Why Modi wants Indians to buy less gold and take fewer foreign holidays

Modi’s urge for Indians to buy less gold and take fewer foreign holidays is primarily driven by a need to **conserve India’s foreign exchange reserves** and **alleviate pressure on the Indian Rupee**, especially in the face of global economic uncertainties like war (e.g., in Ukraine) and rising oil prices.

Here’s a breakdown of the economic reasons:

1. **Protecting Foreign Exchange Reserves:**
* **What they are:** Foreign exchange reserves are a country’s holdings of foreign currencies, gold, and special drawing rights (SDRs) from the IMF. They are crucial for paying for imports, maintaining the stability of the domestic currency, and acting as a buffer against economic shocks.
* **How gold and foreign holidays deplete them:**
* **Gold Imports:** India is one of the world’s largest gold importers. When Indians buy imported gold, they pay in rupees, but the importer has to pay the international seller in foreign currency (typically US dollars). This drains India’s dollar reserves.
* **Foreign Travel/Tourism:** When Indians travel abroad, they spend foreign currency (dollars, euros, etc.) on hotels, flights, food, and shopping. This is essentially an “import of services” and also results in a significant outflow of foreign exchange.
* **Why it matters now:** Global instability, particularly the war in Ukraine, has led to soaring international crude oil prices. As India imports over 80% of its oil, this means the country has to spend a much larger amount of its dollar reserves to pay for its energy needs. Depleting reserves further through non-essential imports like gold and foreign tourism exacerbates the problem.

2. **Addressing the Current Account Deficit (CAD):**
* **What it is:** The Current Account Deficit occurs when a country’s total value of imports (goods and services) exceeds its total value of exports.
* **How gold and foreign holidays contribute:** Both gold imports and outbound foreign tourism contribute significantly to India’s CAD. A large and persistent CAD requires financing, often through foreign investment or borrowing, which can make the economy vulnerable.
* **Impact of high oil prices:** High oil prices automatically widen India’s trade deficit (goods imports minus goods exports) and thus the CAD, making it even more critical to curtail other non-essential dollar outflows.

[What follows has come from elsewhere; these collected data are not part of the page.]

lemma essentially_strictly_convex_imp_injective_subdiff:
  assumes "essentially_strictly_convex g"
  shows "injective_subdiff g"
  unfolding injective_subdiff_def
proof (intro allI impI, rule ccontr)
  fix x y u
  assume ux: "u \<in> subdiff g x" and uy: "u \<in> subdiff g y" and "x \<noteq> y"
  have g: "convex_fun g" "proper_fun g"
    using assms by (auto simp: essentially_strictly_convex_def Gamma0_def)
  have "closed_segment x y \<subseteq> dom_subdiff g"
  proof
    fix z assume "z \<in> closed_segment x y"
    then obtain t where "0 \<le> t" "t \<le> 1" "z = (1 - t) *\<^sub>R x + t *\<^sub>R y"
      by (auto simp: closed_segment_def)
    then show "z \<in> dom_subdiff g"
      using common_subgradient_affine_on_segment(2)[OF g ux uy] by (auto simp: dom_subdiff_def)
  qed
  then have "strictly_convex_on_ext (closed_segment x y) g"
    using assms by (simp add: essentially_strictly_convex_def)
  then have "g (t *\<^sub>R x + (1 - t) *\<^sub>R y) < ereal t * g x + ereal (1 - t) * g y"
    if "0 < t" "t < 1" for t
    unfolding strictly_convex_on_ext_def using that \<open>x \<noteq> y\<close> ends_in_segment[of x y] by blast
  from this[of "1/2"]
  have "g ((1 - 1/2) *\<^sub>R x + (1/2) *\<^sub>R y) < ereal (1/2) * g x + ereal (1/2) * g y"
    by (simp add: add.commute)
  moreover obtain a where "g x = ereal a"
    using proper_subdiff_finite g(2) ux by metis
  moreover have "g ((1 - 1/2) *\<^sub>R x + (1/2) *\<^sub>R y) = ereal (1/2 * inner (y - x) u) + g x"
    "g y = ereal (inner (y - x) u) + g x"
    using common_subgradient_affine_on_segment(1)[OF g ux uy, of "1/2"] common_subgradient_affine_on_segment(1)[OF g ux uy, of 1]
    by simp_all
  ultimately show False
    by (simp add: field_simps)
qed
lemma rho_W_mat_lt_1:
  assumes n: "0 < n" and A: "A \<in> carrier_mat n n" and iA: "invertible_mat A"
    and sp: "double_weak_regular_splitting n A P R S"
    and sp3: "double_regular_splitting n A P3 R3 S3"
    and spec: "1 \<notin> rspectrum (S3 * minv P)"
    and Ahat: "nonneg_mat (minv ((1\<^sub>m n - S3 * minv P) * A))"
  shows "rho (W_mat n P3 R3 S3 P R S) < 1"
proof -
  have ds: "double_splitting n A P R S" and ds3: "double_splitting n A P3 R3 S3"
    and nQ3: "nonneg_mat (minv P3)"
    using sp sp3 unfolding double_weak_regular_splitting_def double_regular_splitting_def by auto
  obtain u where "u \<in> carrier_vec n" "\<forall>i<n. 0 < u $ i"
    "\<forall>i<n. ((minv P3 * R3 - minv P3 * S3 * minv P * R) *\<^sub>v u + (minv P3 * S3 * minv P * S) *\<^sub>v u) $ i
      < u $ i"
    by (rule preconditioned_strict_subinvariant_vector[OF A iA ds ds3 nQ3 spec Ahat])
  then show ?thesis
    unfolding W_mat_block_companion
    using rho_block_companion_lt_1[OF double_splitting_blocks_carrier[OF ds ds3]
        double_splitting_blocks_nonneg[OF sp sp3] n]
    by blast
qed

theorem corollary3p12:
  fixes n :: nat and A P1 R1 S1 P2 R2 S2 P3 R3 S3 :: "real mat"
  assumes n: "0 < n"
    and mono: "A \<in> carrier_mat n n" "monotone_mat A"
    and sp1: "double_weak_regular_splitting n A P1 R1 S1"
    and sp2: "double_weak_regular_splitting n A P2 R2 S2"
    and sp3: "double_regular_splitting n A P3 R3 S3"
    and spec1: "1 \<notin> rspectrum (S3 * minv P1)"
    and spec2: "1 \<notin> rspectrum (S3 * minv P2)"
    and Ahat1: "nonneg_mat (minv ((1\<^sub>m n - S3 * minv P1) * A))"
    and Ahat2: "nonneg_mat (minv ((1\<^sub>m n - S3 * minv P2) * A))"
    and cA: "mat_le (minv P3 * ((1\<^sub>m n - S3 * minv P2) * A)) (minv P3 * ((1\<^sub>m n - S3 * minv P1) * A))"
    and cR: "mat_le (minv P3 * (R3 - S3 * minv P2 * R2)) (minv P3 * (R3 - S3 * minv P1 * R1))"
  shows "rho (W_mat n P3 R3 S3 P1 R1 S1) \<le> rho (W_mat n P3 R3 S3 P2 R2 S2)
       \<and> rho (W_mat n P3 R3 S3 P2 R2 S2) < 1"
proof -
  \<comment> \<open>only \<open>W\<^sub>2\<^sub>3\<close> needs a convergence proof\<close>
  have ds1: "double_splitting n A P1 R1 S1" and ds2: "double_splitting n A P2 R2 S2"
    and ds3: "double_splitting n A P3 R3 S3"
    using sp1 sp2 sp3
    unfolding double_weak_regular_splitting_def double_regular_splitting_def by auto
  have rho2: "rho (W_mat n P3 R3 S3 P2 R2 S2) < 1"
    using rho_W_mat_lt_1[OF n mono(1) _ sp2 sp3 spec2 Ahat2] mono(2)
    unfolding monotone_mat_def by blast
  define B1 where "B1 = minv P3 * R3 - minv P3 * S3 * minv P1 * R1"
  define C1 where "C1 = minv P3 * S3 * minv P1 * S1"
  define B2 where "B2 = minv P3 * R3 - minv P3 * S3 * minv P2 * R2"
  define C2 where "C2 = minv P3 * S3 * minv P2 * S2"
  note blocks1 = double_splitting_blocks_carrier[OF ds1 ds3, folded B1_def C1_def]
    double_splitting_blocks_nonneg[OF sp1 sp3, folded B1_def C1_def]
  note blocks2 = double_splitting_blocks_carrier[OF ds2 ds3, folded B2_def C2_def]
    double_splitting_blocks_nonneg[OF sp2 sp3, folded B2_def C2_def]
  have "mat_le B2 B1"
    using cR unfolding preconditioned_Rhat[OF ds1 ds3]
      preconditioned_Rhat[OF ds2 ds3] B1_def B2_def .
  moreover have "mat_le (B1 + C1) (B2 + C2)"
    using cA unfolding preconditioned_Ahat[OF ds1 ds3]
      preconditioned_Ahat[OF ds2 ds3] B1_def[symmetric] C1_def[symmetric]
      B2_def[symmetric] C2_def[symmetric]
    by (rule mat_le_add_if_one_minus_le[OF blocks1(1,2) blocks2(1,2)])
  ultimately have "rho (W_mat n P3 R3 S3 P1 R1 S1) \<le> rho (W_mat n P3 R3 S3 P2 R2 S2)"
    using rho_block_companion_mono[OF blocks1(1,2) blocks2(1,2) blocks1(3,4) blocks2(3,4) n] rho2
    unfolding W_mat_block_companion B1_def C1_def B2_def C2_def by blast
  with rho2 show ?thesis by blast
qed
(* Consider the fully discrete scheme described in the context. Any solution of the scheme satisfies, for every $\Delta t>0$, the discrete energy law $$\frac{\tilde F^{n+1}-\tilde F^n}{\Delta t}=-\Delta x\Delta y\Big[\sum_{i=0}^{N_x}\sum_{j=1}^{N_y}\big(A_x(\psi\bar M^{n+\frac12})\,|D_x(\chi\mu_*^{n+\frac12})|^2\big)_{i+\frac12,j}+\sum_{i=1}^{N_x}\sum_{j=0}^{N_y}\big(A_y(\psi\bar M^{n+\frac12})\,|D_y(\chi\mu_*^{n+\frac12})|^2\big)_{i,j+\frac12}\Big]$$ $$-\Delta x\Delta y\sum_{i=1}^{N_x}\sum_{j=1}^{N_y}\tfrac12\Gamma^{-1}\Big\{|D_x\psi|_{i-\frac12,j}\big(A_x\tfrac{\tilde\phi^{n+1}-\tilde\phi^n}{\Delta t}\big)^2_{i-\frac12,j}+|D_x\psi|_{i+\frac12,j}\big(A_x\tfrac{\tilde\phi^{n+1}-\tilde\phi^n}{\Delta t}\big)^2_{i+\frac12,j}+|D_y\psi|_{i,j-\frac12}\big(A_y\tfrac{\tilde\phi^{n+1}-\tilde\phi^n}{\Delta t}\big)^2_{i,j-\frac12}+|D_y\psi|_{i,j+\frac12}\big(A_y\tfrac{\tilde\phi^{n+1}-\tilde\phi^n}{\Delta t}\big)^2_{i,j+\frac12}\Big\}$$ $$-\Delta x\Delta y\sum_{i=1}^{N_x}\sum_{j=1}^{N_y}\mu^{n+\frac12}_{*,i,j}\,\chi_{i,j}\,\mathcal B(h_3)_{i,j},$$ where the discrete energy is $$\tilde F^n=\Delta x\Delta y\sum_{i=1}^{N_x}\sum_{j=1}^{N_y}\Big\{\tfrac12\psi_{i,j}|q^n_{i,j}|^2+\tfrac12K\big[(A_x\psi)_{i+\frac12,j}(D_x\tilde\phi^n)^2_{i+\frac12,j}+(A_y\psi)_{i,j+\frac12}(D_y\tilde\phi^n)^2_{i,j+\frac12}\big]+\mathcal B\big(\tfrac12\alpha(\tilde\phi^n-h_1)^2\big)^{\sharp}_{i,j}\Big\},$$ with $\mathcal B(\cdot)^{\sharp}$ defined in the context. Therefore the scheme is unconditionally energy stable: in particular, when $h_3\equiv0$, $\tilde F^{n+1}\le\tilde F^n$ for every $\Delta t>0$.
   Context: Domain and grid: $\Omega=[-\tfrac12L_x,\tfrac12L_x]\times[-\tfrac12L_y,\tfrac12L_y]$ is divided into $N_x\times N_y$ uniform cells with $\Delta x=L_x/N_x$, $\Delta y=L_y/N_y$; grid functions $u_{i,j}$ live at cell centers $i=1,\dots,N_x$, $j=1,\dots,N_y$, with ghost indices $i=0,N_x+1$, $j=0,N_y+1$. For a cell-centered $u$ define face quantities $(A_xu)_{i+\frac12,j}=\tfrac12(u_{i+1,j}+u_{i,j})$, $(D_xu)_{i+\frac12,j}=(u_{i+1,j}-u_{i,j})/\Delta x$ ($i=0,\dots,N_x$), and analogously $(A_yu)_{i,j+\frac12}$, $(D_yu)_{i,j+\frac12}$; for a face function $w$, $(D_xw)_{i,j}=(w_{i+\frac12,j}-w_{i-\frac12,j})/\Delta x$, $(D_yw)_{i,j}=(w_{i,j+\frac12}-w_{i,j-\frac12})/\Delta y$. Set $D_h(a,u)_{i,j}=D_x(A_xa\,D_xu)_{i,j}+D_y(A_ya\,D_yu)_{i,j}$. Given data: a grid function $\psi>0$ (discrete approximation of the characteristic function of the original domain $\Omega_1\subset\Omega$) with $\chi=1/\psi$; constants $K>0$, $\alpha\ge0$, $\Gamma>0$, $\Delta t>0$; a positive mobility grid function $\bar M^{n+\frac12}$; time-independent grid functions $h_1,h_2,h_3$; $g(\phi)=f'(\phi)/\sqrt{2f(\phi)+2A}$ for a bulk potential $f$ and constant $A$ with $2f+2A>0$, and $\bar g^{n+\frac12}_{i,j}$ denotes $g$ evaluated at $\tfrac32\tilde\phi^n_{i,j}-\tfrac12\tilde\phi^{n-1}_{i,j}$ ($n\ge1$) or at $\tilde\phi^0_{i,j}$ ($n=0$). Notation $u^{n+\frac12}=\tfrac12(u^{n+1}+u^n)$. For a cell-centered $w$ define $\mathcal B(w)_{i,j}=\tfrac12\big[|D_x\psi|_{i-\frac12,j}(A_xw)_{i-\frac12,j}+|D_x\psi|_{i+\frac12,j}(A_xw)_{i+\frac12,j}+|D_y\psi|_{i,j-\frac12}(A_yw)_{i,j-\frac12}+|D_y\psi|_{i,j+\frac12}(A_yw)_{i,j+\frac12}\big]$, and define the boundary energy density $\mathcal B(\cdot)^{\sharp}_{i,j}=\tfrac12\sum_{e}|D\psi|_e\big[\tfrac12\alpha\big((A\tilde\phi^n)_e-(Ah_1)_e\big)^2-(Ah_2)_e(A\tilde\phi^n)_e\big]$, where $e$ runs over the four faces $(i\pm\frac12,j)$, $(i,j\pm\frac12)$ of cell $(i,j)$, with $|D\psi|_e$, $A$ meaning $|D_x\psi|$, $A_x$ on $x$-faces and $|D_y\psi|$, $A_y$ on $y$-faces. The scheme: given $\tilde\phi^n,q^n$, find $\tilde\phi^{n+1},q^{n+1},\mu_*^{n+\frac12}$ with, at every cell $(i,j)$, (1) $\frac{\tilde\phi^{n+1}-\tilde\phi^n}{\Delta t}=\chi\,D_h(\psi\bar M^{n+\frac12},\chi\mu_*^{n+\frac12})-\chi\,\mathcal B(h_3)$; (2) $\mu_*^{n+\frac12}=\psi\,\bar g^{n+\frac12}q^{n+\frac12}-K\,D_h(\psi,\tilde\phi^{n+\frac12})+\mathcal B\big(\alpha(\tilde\phi^{n+\frac12}-h_1)-h_2+\Gamma^{-1}\frac{\tilde\phi^{n+1}-\tilde\phi^n}{\Delta t}\big)$; (3) $q^{n+1}-q^n=\bar g^{n+\frac12}(\tilde\phi^{n+1}-\tilde\phi^n)$. Boundary conditions (discrete homogeneous Neumann): the ghost values of $\tilde\phi^{n},\tilde\phi^{n+1}$, of $\psi$ (hence of $\chi$), and of $\mu_*^{n+\frac12}$ equal the adjacent interior values, e.g. $u_{0,j}=u_{1,j}$, $u_{N_x+1,j}=u_{N_x,j}$, $u_{i,0}=u_{i,1}$, $u_{i,N_y+1}=u_{i,N_y}$. *)

theory Defs
  imports Complex_Main
begin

3. **Stabilizing the Indian Rupee:**
* **The connection:** A dwindling supply of foreign exchange reserves and a widening CAD put downward pressure on the Rupee. When there’s high demand for dollars (to pay for imports) relative to their supply (from exports and foreign investment), the Rupee weakens against the dollar.
* **Consequences of a weak Rupee:** A weaker Rupee makes imports (like oil, electronics, and other essential goods) more expensive, leading to imported inflation. It also increases the burden of servicing foreign debt.
* **Modi’s Goal:** By urging reduced spending on gold and foreign holidays, the government aims to reduce the demand for dollars, thereby easing the pressure on the Rupee and helping it remain more stable.

4. **Promoting “Atmanirbhar Bharat” (Self-Reliant India) and Domestic Investment:**
* **Gold:** Instead of investing in physical gold (which often entails imports), the government encourages “financialization of savings” – investing in domestic financial assets like stocks, bonds, mutual funds, and government schemes. This money can then be channeled into productive investments within India, boosting the domestic economy.
* **Foreign Holidays:** Instead of spending abroad, the government encourages domestic tourism. This keeps money within India, creates jobs, and supports local businesses, aligning with the “Vocal for Local” and “Atmanirbhar Bharat” initiatives.

In essence, Modi’s call is a strategic move to build economic resilience by preserving crucial foreign exchange, stabilizing the national currency, and steering domestic spending towards more productive avenues within India during a period of significant global economic headwinds.